(Stored data)
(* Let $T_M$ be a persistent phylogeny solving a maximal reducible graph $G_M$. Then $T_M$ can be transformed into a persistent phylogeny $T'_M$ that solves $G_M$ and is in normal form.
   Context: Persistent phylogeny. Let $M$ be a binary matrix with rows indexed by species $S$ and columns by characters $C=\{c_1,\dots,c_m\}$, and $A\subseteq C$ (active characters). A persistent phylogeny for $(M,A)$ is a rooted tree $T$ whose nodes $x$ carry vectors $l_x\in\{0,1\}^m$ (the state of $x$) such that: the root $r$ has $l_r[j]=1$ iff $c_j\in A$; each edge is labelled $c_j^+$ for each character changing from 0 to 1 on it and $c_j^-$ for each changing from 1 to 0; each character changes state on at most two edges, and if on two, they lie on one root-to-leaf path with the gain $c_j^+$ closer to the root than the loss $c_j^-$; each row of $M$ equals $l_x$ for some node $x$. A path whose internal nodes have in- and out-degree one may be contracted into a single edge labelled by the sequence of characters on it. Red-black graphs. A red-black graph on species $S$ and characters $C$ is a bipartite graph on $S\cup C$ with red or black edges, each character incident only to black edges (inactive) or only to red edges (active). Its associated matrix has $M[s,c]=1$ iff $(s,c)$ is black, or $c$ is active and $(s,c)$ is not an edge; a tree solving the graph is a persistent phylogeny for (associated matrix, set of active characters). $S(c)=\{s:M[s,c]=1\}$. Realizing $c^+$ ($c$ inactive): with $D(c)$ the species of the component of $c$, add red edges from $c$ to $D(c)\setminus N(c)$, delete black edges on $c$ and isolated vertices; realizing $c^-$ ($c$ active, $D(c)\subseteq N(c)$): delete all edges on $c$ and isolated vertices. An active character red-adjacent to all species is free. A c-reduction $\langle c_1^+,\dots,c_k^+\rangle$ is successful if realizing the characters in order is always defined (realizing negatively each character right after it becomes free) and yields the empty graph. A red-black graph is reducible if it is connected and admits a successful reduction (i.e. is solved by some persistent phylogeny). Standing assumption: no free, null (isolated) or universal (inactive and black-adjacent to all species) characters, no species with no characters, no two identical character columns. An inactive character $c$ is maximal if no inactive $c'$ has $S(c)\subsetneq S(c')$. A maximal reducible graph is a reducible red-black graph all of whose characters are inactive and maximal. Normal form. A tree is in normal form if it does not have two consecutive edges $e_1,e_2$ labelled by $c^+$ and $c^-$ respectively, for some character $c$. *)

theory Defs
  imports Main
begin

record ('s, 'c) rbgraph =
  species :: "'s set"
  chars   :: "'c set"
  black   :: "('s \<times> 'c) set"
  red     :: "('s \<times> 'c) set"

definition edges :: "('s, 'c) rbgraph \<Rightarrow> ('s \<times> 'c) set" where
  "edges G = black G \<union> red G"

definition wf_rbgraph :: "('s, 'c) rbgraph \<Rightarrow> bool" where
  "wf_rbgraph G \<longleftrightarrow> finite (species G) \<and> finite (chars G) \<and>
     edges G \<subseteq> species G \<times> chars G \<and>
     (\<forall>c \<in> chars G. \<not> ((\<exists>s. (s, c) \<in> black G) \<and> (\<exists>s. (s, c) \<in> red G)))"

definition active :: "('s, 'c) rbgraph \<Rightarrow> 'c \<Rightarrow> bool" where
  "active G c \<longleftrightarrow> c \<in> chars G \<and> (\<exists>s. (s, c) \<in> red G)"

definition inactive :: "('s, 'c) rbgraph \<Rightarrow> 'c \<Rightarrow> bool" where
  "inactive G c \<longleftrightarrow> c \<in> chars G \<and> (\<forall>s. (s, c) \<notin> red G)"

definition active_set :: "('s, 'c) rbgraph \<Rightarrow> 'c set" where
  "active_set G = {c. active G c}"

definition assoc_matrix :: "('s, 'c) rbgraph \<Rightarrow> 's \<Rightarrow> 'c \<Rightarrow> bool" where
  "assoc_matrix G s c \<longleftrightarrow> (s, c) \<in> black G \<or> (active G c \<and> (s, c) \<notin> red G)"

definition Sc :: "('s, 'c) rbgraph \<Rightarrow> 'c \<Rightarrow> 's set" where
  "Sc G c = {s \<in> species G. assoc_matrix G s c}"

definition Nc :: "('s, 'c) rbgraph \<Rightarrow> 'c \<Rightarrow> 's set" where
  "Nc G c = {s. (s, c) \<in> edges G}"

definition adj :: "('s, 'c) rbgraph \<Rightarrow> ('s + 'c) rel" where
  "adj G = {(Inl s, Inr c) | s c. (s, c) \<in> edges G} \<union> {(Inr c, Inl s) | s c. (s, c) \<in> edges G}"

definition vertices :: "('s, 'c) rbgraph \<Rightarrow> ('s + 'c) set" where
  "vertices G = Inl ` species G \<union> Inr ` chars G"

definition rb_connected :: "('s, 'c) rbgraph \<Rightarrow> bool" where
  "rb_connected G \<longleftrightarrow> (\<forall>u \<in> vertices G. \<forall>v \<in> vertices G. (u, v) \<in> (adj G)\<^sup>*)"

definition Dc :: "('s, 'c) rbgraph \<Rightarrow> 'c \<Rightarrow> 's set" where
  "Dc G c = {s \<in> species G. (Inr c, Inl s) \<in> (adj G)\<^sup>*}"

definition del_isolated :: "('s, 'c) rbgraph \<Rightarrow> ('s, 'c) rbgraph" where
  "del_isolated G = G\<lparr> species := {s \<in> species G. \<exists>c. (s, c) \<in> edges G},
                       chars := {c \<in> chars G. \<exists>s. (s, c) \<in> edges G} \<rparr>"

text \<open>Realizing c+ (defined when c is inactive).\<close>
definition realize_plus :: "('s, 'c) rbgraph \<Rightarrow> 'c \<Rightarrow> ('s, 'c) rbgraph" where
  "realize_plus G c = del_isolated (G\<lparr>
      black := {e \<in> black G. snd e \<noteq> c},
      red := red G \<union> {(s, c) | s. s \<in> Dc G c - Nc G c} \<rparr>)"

...

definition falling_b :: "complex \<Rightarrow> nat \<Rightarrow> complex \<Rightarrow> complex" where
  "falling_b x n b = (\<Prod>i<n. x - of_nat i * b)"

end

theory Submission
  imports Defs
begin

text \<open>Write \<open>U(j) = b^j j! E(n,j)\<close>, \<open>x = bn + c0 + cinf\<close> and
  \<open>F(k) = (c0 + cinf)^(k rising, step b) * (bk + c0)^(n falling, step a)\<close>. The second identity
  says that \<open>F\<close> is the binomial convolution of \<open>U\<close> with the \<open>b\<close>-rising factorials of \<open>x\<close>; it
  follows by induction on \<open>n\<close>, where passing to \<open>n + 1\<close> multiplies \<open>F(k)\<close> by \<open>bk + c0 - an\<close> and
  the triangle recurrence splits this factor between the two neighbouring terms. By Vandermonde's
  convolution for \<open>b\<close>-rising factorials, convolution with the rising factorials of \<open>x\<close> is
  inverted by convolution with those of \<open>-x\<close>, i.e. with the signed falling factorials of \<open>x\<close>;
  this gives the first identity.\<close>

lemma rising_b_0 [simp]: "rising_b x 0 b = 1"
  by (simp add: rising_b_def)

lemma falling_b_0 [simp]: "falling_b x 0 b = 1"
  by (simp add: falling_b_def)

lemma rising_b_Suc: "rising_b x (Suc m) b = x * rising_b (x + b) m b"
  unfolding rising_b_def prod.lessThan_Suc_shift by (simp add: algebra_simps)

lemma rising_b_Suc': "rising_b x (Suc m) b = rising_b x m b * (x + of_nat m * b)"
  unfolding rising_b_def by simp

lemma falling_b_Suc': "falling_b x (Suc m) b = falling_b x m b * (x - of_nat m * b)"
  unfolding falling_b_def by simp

▸ REQUIREMENT:
Look back at the entries above and repeat, unchanged, every line from the line holding "species G. (Inr" through the line holding "text \<open>Realizing c+".

▸ SOLUTION FOR THIS PROBLEM:
  "Dc G c = {s \<in> species G. (Inr c, Inl s) \<in> (adj G)\<^sup>*}"

definition del_isolated :: "('s, 'c) rbgraph \<Rightarrow> ('s, 'c) rbgraph" where
  "del_isolated G = G\<lparr> species := {s \<in> species G. \<exists>c. (s, c) \<in> edges G},
                       chars := {c \<in> chars G. \<exists>s. (s, c) \<in> edges G} \<rparr>"

text \<open>Realizing c+ (defined when c is inactive).\<close>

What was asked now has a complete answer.